***** Record set *****

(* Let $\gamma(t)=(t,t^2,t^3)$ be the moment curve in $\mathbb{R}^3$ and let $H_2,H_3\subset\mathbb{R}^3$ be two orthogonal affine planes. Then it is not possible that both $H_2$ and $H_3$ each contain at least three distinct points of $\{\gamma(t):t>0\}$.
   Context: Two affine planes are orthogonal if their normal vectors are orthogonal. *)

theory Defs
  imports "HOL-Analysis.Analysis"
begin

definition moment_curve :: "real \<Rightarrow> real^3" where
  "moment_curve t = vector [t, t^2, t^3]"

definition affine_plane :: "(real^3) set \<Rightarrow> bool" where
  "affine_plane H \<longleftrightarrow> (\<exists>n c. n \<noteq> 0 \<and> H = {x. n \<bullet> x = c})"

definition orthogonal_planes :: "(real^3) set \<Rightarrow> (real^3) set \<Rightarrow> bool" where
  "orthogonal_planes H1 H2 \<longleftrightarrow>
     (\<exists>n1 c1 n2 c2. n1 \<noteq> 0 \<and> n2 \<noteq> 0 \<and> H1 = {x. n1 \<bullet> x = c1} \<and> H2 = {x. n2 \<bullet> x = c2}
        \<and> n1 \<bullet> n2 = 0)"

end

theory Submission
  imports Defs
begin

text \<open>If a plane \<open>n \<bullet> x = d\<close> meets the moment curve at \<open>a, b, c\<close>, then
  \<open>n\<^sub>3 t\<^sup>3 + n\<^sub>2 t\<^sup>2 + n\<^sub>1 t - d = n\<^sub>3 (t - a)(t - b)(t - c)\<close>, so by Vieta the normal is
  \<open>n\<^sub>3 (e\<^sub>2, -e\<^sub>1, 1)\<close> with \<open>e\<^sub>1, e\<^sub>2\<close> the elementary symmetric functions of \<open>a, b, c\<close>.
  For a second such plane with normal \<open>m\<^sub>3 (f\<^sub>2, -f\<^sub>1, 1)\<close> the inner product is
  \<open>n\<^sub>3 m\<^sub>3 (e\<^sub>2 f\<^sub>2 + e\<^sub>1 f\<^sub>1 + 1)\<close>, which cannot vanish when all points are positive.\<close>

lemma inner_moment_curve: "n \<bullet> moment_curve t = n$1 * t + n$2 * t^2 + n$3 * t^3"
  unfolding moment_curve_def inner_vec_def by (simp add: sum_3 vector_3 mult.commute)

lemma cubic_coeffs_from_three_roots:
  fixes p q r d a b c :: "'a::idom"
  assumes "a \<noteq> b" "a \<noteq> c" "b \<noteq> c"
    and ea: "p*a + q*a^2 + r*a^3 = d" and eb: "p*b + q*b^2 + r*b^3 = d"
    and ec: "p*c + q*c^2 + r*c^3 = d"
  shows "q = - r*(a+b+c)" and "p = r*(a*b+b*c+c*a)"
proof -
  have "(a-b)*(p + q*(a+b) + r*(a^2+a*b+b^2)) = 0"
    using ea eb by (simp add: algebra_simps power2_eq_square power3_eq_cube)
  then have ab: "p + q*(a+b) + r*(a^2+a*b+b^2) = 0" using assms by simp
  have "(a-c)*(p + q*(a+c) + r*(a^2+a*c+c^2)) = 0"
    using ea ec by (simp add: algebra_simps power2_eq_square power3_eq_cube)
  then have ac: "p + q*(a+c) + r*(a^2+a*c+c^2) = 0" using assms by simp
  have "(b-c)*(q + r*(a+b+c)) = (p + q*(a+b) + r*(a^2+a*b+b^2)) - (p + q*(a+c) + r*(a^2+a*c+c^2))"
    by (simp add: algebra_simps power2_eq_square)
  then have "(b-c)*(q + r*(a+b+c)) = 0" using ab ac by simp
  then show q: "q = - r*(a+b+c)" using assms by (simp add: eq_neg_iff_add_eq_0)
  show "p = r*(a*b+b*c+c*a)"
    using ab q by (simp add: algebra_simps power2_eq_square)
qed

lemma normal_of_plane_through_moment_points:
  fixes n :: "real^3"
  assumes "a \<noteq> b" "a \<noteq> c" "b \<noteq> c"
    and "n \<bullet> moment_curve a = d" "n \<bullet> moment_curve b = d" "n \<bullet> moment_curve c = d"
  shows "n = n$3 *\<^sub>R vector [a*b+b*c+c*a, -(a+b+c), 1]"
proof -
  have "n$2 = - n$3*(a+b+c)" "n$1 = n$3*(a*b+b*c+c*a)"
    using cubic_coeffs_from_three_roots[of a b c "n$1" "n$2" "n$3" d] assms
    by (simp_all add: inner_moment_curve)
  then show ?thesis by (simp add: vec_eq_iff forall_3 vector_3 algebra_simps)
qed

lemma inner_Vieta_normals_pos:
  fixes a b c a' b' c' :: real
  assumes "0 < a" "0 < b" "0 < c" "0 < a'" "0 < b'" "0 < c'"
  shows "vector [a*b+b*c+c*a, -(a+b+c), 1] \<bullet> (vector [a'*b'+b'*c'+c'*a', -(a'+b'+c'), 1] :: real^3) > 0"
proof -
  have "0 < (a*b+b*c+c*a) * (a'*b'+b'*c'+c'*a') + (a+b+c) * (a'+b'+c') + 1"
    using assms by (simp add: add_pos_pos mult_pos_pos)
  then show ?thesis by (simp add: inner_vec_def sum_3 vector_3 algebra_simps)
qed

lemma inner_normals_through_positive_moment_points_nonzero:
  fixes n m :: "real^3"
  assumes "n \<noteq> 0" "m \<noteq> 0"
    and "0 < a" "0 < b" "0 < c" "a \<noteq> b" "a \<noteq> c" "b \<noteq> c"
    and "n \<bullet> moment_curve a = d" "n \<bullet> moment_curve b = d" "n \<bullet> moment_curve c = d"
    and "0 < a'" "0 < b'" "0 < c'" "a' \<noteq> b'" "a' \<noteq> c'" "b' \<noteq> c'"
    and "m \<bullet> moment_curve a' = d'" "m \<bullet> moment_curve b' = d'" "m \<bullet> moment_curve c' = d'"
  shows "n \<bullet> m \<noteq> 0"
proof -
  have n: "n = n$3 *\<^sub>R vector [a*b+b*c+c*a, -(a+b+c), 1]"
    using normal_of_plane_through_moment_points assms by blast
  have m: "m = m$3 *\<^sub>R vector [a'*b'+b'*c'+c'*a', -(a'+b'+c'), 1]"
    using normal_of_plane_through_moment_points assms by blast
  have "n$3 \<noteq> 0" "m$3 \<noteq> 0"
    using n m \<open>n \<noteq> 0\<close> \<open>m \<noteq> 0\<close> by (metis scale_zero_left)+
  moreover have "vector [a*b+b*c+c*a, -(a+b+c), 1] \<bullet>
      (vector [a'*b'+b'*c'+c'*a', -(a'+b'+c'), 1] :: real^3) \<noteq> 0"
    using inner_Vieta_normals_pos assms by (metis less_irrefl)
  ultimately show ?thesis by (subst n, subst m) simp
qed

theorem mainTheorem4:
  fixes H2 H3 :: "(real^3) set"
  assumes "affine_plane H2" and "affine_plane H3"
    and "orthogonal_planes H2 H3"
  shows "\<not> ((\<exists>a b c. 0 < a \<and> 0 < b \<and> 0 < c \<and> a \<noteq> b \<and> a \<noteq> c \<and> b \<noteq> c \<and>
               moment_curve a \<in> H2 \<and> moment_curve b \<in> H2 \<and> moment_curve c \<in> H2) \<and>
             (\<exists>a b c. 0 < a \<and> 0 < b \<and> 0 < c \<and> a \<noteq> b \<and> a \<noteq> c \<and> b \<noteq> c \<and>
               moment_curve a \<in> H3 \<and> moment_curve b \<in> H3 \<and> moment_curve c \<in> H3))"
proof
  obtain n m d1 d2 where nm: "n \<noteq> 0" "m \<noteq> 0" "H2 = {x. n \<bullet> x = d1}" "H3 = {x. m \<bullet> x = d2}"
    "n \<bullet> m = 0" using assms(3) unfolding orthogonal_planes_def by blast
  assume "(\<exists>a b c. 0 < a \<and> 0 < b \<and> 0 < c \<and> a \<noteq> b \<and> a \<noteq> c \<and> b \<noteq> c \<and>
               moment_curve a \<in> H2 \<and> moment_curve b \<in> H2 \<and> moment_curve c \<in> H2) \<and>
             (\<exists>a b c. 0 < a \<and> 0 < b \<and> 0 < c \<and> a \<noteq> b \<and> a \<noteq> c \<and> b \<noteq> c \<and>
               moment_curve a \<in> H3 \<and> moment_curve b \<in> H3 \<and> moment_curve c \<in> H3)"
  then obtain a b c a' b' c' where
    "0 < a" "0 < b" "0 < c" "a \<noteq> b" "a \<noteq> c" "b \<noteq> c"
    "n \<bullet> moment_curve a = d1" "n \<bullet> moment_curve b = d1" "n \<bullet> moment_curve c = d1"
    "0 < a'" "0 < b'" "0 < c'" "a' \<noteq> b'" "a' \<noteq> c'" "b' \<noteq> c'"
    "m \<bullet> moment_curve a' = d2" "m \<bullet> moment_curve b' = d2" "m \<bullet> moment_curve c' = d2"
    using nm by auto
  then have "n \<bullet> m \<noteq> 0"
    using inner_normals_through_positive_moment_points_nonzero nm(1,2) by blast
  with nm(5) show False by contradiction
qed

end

*****

> [What is being asked]: Using the records above, select and copy every line that has the word "fixes".

> [Task result]:
  fixes p q r d a b c :: "'a::idom"
  fixes n :: "real^3"
  fixes a b c a' b' c' :: real
  fixes n m :: "real^3"
  fixes H2 H3 :: "(real^3) set"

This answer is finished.